Most suggested substitutes in recipes are not intended to be replacements i.e. exact replicas. Of course they're not going to give the final product the exact same flavour, texture, etc. as the original ingredient and to say they're BS because they don't is somewhat ridiculous.

And to add, I wrote:

But if s/he has had [a particular ingredient] and is still willing to substitute, then [s/he] knows there will be a difference, and has made a conscious decision to render such substitution as trivial in the greater scheme of things.
(corrected a grammatical error and an error in parallel construction, just because they bugged me)

I don't really care if people use substitutes or change a recipe to make it more palatable to them, or to use ingredients more easily available to them. I would suggest that if you make my co-worker's adzuki bean shortbread recipe with some other beans that you rename it to kidney bean shortbread or lima bean shortbread, but that's me. And if you want to use bananas to make my mango pudding, that's OK, too, but call it banana pudding, and I can't guarantee the pudding will turn out. I've made it with peaches, and it was pretty good. I'm pretty sure in a discussion on that recipe somewhere, I said something about how my mother prefers alphonso mangos, but that I (and many others) can't tell the difference (that may have been in a different forum. . .I can't remember). But since my mother gave me the recipe, and she likes alphonso mangos, I specified those in the recipe.

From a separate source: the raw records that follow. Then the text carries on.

lemma closed_conic_hull_lift:
  fixes S :: "'a::euclidean_space set"
  assumes "compact S"
  shows "closed (conic hull (S \<times> {1::real}))"
  by (rule closed_conic_hull) (use assms in \<open>auto simp: compact_Times zero_prod_def\<close>)

lemma conic_hull_lift_subset_halfspace:
  assumes "S \<subseteq> {x. a \<bullet> x \<le> b}"
  shows "conic hull (S \<times> {1::real}) \<subseteq> {p. (a, -b) \<bullet> p \<le> 0}"
proof
  fix p assume "p \<in> conic hull (S \<times> {1::real})"
  then obtain c x where "0 \<le> c" "x \<in> S" "p = (c *\<^sub>R x, c)"
    by (auto simp: mem_conic_hull_lift)
  moreover have "(a, -b) \<bullet> (c *\<^sub>R x, c) = c * (a \<bullet> x - b)"
    by (simp add: inner_Pair algebra_simps)
  moreover have "a \<bullet> x - b \<le> 0"
    using assms \<open>x \<in> S\<close> by auto
  ultimately show "p \<in> {p. (a, -b) \<bullet> p \<le> 0}"
    by (simp add: mult_nonneg_nonpos)
qed

lemma conic_hull_lift_Int_hyperplane:
  assumes "S \<inter> {x. a \<bullet> x = b} \<noteq> {}"
  shows "conic hull ((S \<inter> {x. a \<bullet> x = b}) \<times> {1::real})
           = conic hull (S \<times> {1}) \<inter> {p. (a, -b) \<bullet> p = 0}"
proof -
  obtain x0 where x0: "x0 \<in> S" "a \<bullet> x0 = b"
    using assms by blast
  have eq: "(a, -b) \<bullet> (c *\<^sub>R x, c) = c * (a \<bullet> x - b)" for c x
    by (simp add: inner_Pair algebra_simps)
  show ?thesis
  proof (intro equalityI subsetI)
    fix p assume "p \<in> conic hull ((S \<inter> {x. a \<bullet> x = b}) \<times> {1::real})"
    then show "p \<in> conic hull (S \<times> {1}) \<inter> {p. (a, -b) \<bullet> p = 0}"
      by (auto simp: mem_conic_hull_lift eq)
  next
    fix p assume "p \<in> conic hull (S \<times> {1::real}) \<inter> {p. (a, -b) \<bullet> p = 0}"
    then obtain c x where p: "0 \<le> c" "x \<in> S" "p = (c *\<^sub>R x, c)" and "c * (a \<bullet> x - b) = 0"
      by (auto simp: mem_conic_hull_lift eq)
    then consider "c = 0" | "a \<bullet> x = b"
      by auto
    then show "p \<in> conic hull ((S \<inter> {x. a \<bullet> x = b}) \<times> {1})"
      by cases (use p x0 in \<open>force simp: mem_conic_hull_lift\<close>)+
  qed
qed

lemma is_face_conic_hull_lift:
  fixes C :: "'a::euclidean_space set"
  assumes "compact C" "convex C" "C \<subseteq> {x. a \<bullet> x \<le> b}" "C \<inter> {x. a \<bullet> x = b} \<noteq> {}"
  shows "is_face (conic hull ((C \<inter> {x. a \<bullet> x = b}) \<times> {1::real})) (conic hull (C \<times> {1}))"
  unfolding conic_hull_lift_Int_hyperplane[OF assms(4)]
  using assms conic_hull_lift_subset_halfspace[OF assms(3)]
  by (intro is_face_Int_supporting_hyperplane_le closed_conic_hull_lift convex_conic_hull convex_Times)
    auto

text \<open>A feasible direction \<open>(v, s)\<close> of the lifted cone at \<open>(x, 1)\<close> is, after rescaling the
  point it reaches back to height one, the feasible direction \<open>v - s x\<close> of \<open>C\<close> at \<open>x\<close>.\<close>
lemma tangent_cone_conic_hull_lift:
  fixes C :: "'a::real_normed_vector set"
  assumes "x \<in> C"
  shows "(d, 0) \<in> tangent_cone (x, 1) (conic hull (C \<times> {1::real})) \<longleftrightarrow> d \<in> tangent_cone x C"
proof
  let ?K = "conic hull (C \<times> {1::real})"
  define L where "L q = fst q - snd q *\<^sub>R x" for q :: "'a \<times> real"
  have "L ` feasible_directions (x, 1) ?K \<subseteq> feasible_directions x C"
  proof (rule image_subsetI)
    fix q assume "q \<in> feasible_directions (x, 1) ?K"
    then obtain e c y where e: "e > 0" and "0 \<le> c" "y \<in> C"
      and xy: "x + e *\<^sub>R fst q = c *\<^sub>R y" and c: "1 + e * snd q = c"
      by (auto simp: feasible_directions_def mem_conic_hull_lift prod_eq_iff)
    have eL: "e *\<^sub>R L q = (x + e *\<^sub>R fst q) - (1 + e * snd q) *\<^sub>R x"
      by (simp add: L_def algebra_simps)
    consider "c = 0" | "c > 0"
      using \<open>0 \<le> c\<close> by linarith
    then show "L q \<in> feasible_directions x C"
    proof cases
      case 1
      then have "L q = 0"
        using eL xy c e by simp
      then show ?thesis
        using assms by (auto simp: feasible_directions_def intro: exI[of _ 1])
    next
      case 2
      have "c *\<^sub>R (x + (e / c) *\<^sub>R L q) = c *\<^sub>R x + e *\<^sub>R L q"
        using 2 by (simp add: scaleR_add_right)
      also have "\<dots> = c *\<^sub>R y"
        using eL xy c by (simp add: algebra_simps)
      finally have "x + (e / c) *\<^sub>R L q = y"
        using 2 by simp
      then show ?thesis
        using 2 e \<open>y \<in> C\<close> unfolding feasible_directions_def
        by (metis (mono_tags) CollectI divide_pos_pos)
    qed
  qed
  moreover have "continuous_on UNIV L"
    unfolding L_def by (intro continuous_intros)
  ultimately have "L ` tangent_cone (x, 1) ?K \<subseteq> tangent_cone x C"
    by (rule tangent_cone_image_subset[rotated])
  then show "d \<in> tangent_cone x C" if "(d, 0) \<in> tangent_cone (x, 1) ?K"
    using that by (force simp: L_def)
  have "(\<lambda>v. (v, 0)) ` feasible_directions x C \<subseteq> feasible_directions (x, 1) ?K"
  proof (rule image_subsetI)
    fix v assume "v \<in> feasible_directions x C"
    then obtain e where "e > 0" "x + e *\<^sub>R v \<in> C"
      by (auto simp: feasible_directions_def)
    then have "(x, 1) + e *\<^sub>R (v, 0) \<in> ?K"
      by (simp add: Pair_one_mem_conic_hull_lift)
    with \<open>e > 0\<close> show "(v, 0) \<in> feasible_directions (x, 1) ?K"
      by (auto simp: feasible_directions_def)
  qed
  moreover have "continuous_on UNIV (\<lambda>v::'a. (v, 0::real))"
    by (intro continuous_intros)
  ultimately have "(\<lambda>v. (v, 0)) ` tangent_cone x C \<subseteq> tangent_cone (x, 1) ?K"
    by (rule tangent_cone_image_subset[rotated])
  then show "(d, 0) \<in> tangent_cone (x, 1) ?K" if "d \<in> tangent_cone x C"
    using that by blast
qed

A better example of a possibility of inflexibility in substitutions would be using ketchup in pad thai. I think it's wrong. But I won't stop you from doing it, though I would prefer you call it by a different name. Because quite frankly, I just don't care enough about the matter, nor do most Thai people. Many would never dream of using ketchup, but they wouldn't stop you from doing so or make a big deal out of it. Mai pen rai, and all that. And I'm not going to call you stupid or say you're full of BS for suggesting the substitution.

Anyway, addressing another issue, I feel sorry for Julia Child for thinking a good white vermouth could have been used in place of pinot noir or chardonnay in any dish. What a terrible palate she must have had. Had she spent time on eG, she could have been educated. (More seriously, I wonder if she changed her mind about white vermouth in her later years when affordable French wines became more available.)